(* Let $\vartheta(z,\tau)=\sum_{m\in\mathbf{Z}}e^{\pi i m^2\tau+2\pi i mz}$ for $z\in\mathbf{C}$, $\operatorname{Im}\tau>0$, and for $t>0$ let $c(t)=\min_{x\in\mathbf{R}}\vartheta(x,it)$ and $C(t)=\vartheta(0,it)$. Then (i) for every $t>0$, $c(t)=\vartheta(\tfrac12,it)$; (ii) for every $t>0.527$, $\dfrac{C(t)\,(C(t)-1)}{c(t)}<1$. *)

theory Defs
  imports "HOL-Analysis.Analysis"
begin

text \<open>Jacobi theta function: sum over all integers m of exp(pi i m^2 tau + 2 pi i m z).
  For Im tau > 0 the series converges absolutely, so the unordered sum is the usual one.\<close>
definition theta :: "complex \<Rightarrow> complex \<Rightarrow> complex" where
  "theta z \<tau> = (\<Sum>\<^sub>\<infinity>m::int. exp (pi * \<i> * of_int m ^ 2 * \<tau> + 2 * pi * \<i> * of_int m * z))"

text \<open>c(t) = min over real x of theta(x, i t) (theta(x,it) is real for real x, t > 0).\<close>
definition theta_min :: "real \<Rightarrow> real" where
  "theta_min t = (INF x::real. Re (theta (of_real x) (\<i> * of_real t)))"

definition theta_C :: "real \<Rightarrow> real" where
  "theta_C t = Re (theta 0 (\<i> * of_real t))"

end

theory Submission
  imports Defs
begin

text \<open>Write q = exp(-pi t), so that theta(x, i t) = sum_k q^(k^2) cos(2 pi k x). By the truncated
  Jacobi triple product,
    prod_(j=1..n) (1 + 2 q^(2j-1) cos y + q^(4j-2)) = sum_(|k| <= n) [2n, n+k]_(q^2) q^(k^2) cos(k y),
  and every factor on the left is smallest at y = pi. Dividing by the central Gaussian binomial
  [2n, n]_(q^2) turns the coefficients into q^(k^2) times ratios in [0, 1] that tend to 1, so by
  dominated convergence the theta series is smallest at x = 1/2 as well.

  For the second part, theta(0, i t) + theta(1/2, i t) = 2 sum_(k even) q^(k^2) >= 2, i.e. c >= 2 - C,
  while C <= 1 + 2q/(1 - q^3) < sqrt 2 as soon as q < 1/5, which holds for t > 0.527.
  Hence C (C - 1) < 2 - C <= c.\<close>

section \<open>q-Pochhammer symbols and Gaussian binomial coefficients\<close>

definition qpoch :: "real \<Rightarrow> nat \<Rightarrow> real" where
  "qpoch p a = (\<Prod>i=1..a. 1 - p ^ i)"

text \<open>The reciprocal 1/(p;p)_k, extended by 0 to negative k, so that \<open>qbinom p n k\<close> vanishes
  for k outside 0..n without any case distinction.\<close>
definition inv_qpoch :: "real \<Rightarrow> int \<Rightarrow> real" where
  "inv_qpoch p k = (if k < 0 then 0 else 1 / qpoch p (nat k))"

definition qbinom :: "real \<Rightarrow> nat \<Rightarrow> int \<Rightarrow> real" where
  "qbinom p n k = qpoch p n * inv_qpoch p k * inv_qpoch p (int n - k)"

lemma qpoch_pos: "0 \<le> p \<Longrightarrow> p < 1 \<Longrightarrow> 0 < qpoch p a"
  unfolding qpoch_def by (intro prod_pos) (auto simp: power_less_one_iff)

lemma qpoch_Suc: "qpoch p (Suc a) = qpoch p a * (1 - p ^ Suc a)"
  unfolding qpoch_def by (simp add: prod.cl_ivl_Suc)

lemma qpoch_add: "qpoch p (a + m) = qpoch p a * (\<Prod>i=1..m. 1 - p ^ (a + i))"
  by (induction m) (simp_all add: qpoch_Suc prod.cl_ivl_Suc)

lemma inv_qpoch_nonneg: "0 \<le> p \<Longrightarrow> p < 1 \<Longrightarrow> 0 \<le> inv_qpoch p k"
  unfolding inv_qpoch_def using qpoch_pos[of p] by (simp add: less_imp_le)

lemma inv_qpoch_succ:
  assumes "0 \<le> p" "p < 1"
  shows "inv_qpoch p k = (1 - p powi (k + 1)) * inv_qpoch p (k + 1)"
proof (cases "k < 0")
  case True
  then show ?thesis by (cases "k = -1") (auto simp: inv_qpoch_def)
next
  case False
  then have k: "nat (k + 1) = Suc (nat k)"
    by simp
  with False have pk: "p powi (k + 1) = p ^ Suc (nat k)"
    by (metis add_nonneg_nonneg linorder_not_le power_int_nonneg_exp zero_le_one)
  have "p ^ Suc (nat k) < 1"
    using assms by (intro power_less_one_iff[THEN iffD2]) auto
  then show ?thesis
    using False qpoch_pos[OF assms, of "nat k"] by (simp add: inv_qpoch_def k pk qpoch_Suc)
qed

lemma qbinom_nat:
  assumes "k \<le> n"
  shows "qbinom p n (int k) = qpoch p n / (qpoch p k * qpoch p (n - k))"
proof -
  have "\<not> int n - int k < 0" "nat (int n - int k) = n - k"
    using assms by auto
  then show ?thesis
    by (simp add: qbinom_def inv_qpoch_def)
qed

lemma qbinom_eq_0: "k < 0 \<or> int n < k \<Longrightarrow> qbinom p n k = 0"
  by (auto simp: qbinom_def inv_qpoch_def)

lemma qbinom_symmetric: "qbinom p n (int n - k) = qbinom p n k"
  by (simp add: qbinom_def)

lemma qbinom_nonneg: "0 \<le> p \<Longrightarrow> p < 1 \<Longrightarrow> 0 \<le> qbinom p n k"
  unfolding qbinom_def using qpoch_pos[of p] inv_qpoch_nonneg[of p] by (simp add: less_imp_le)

═══

> [Activity]:
Look through the listing and extract every line with "series" in it.

> [Exercise result]:
  For Im tau > 0 the series converges absolutely, so the unordered sum is the usual one.\<close>
  dominated convergence the theta series is smallest at x = 1/2 as well.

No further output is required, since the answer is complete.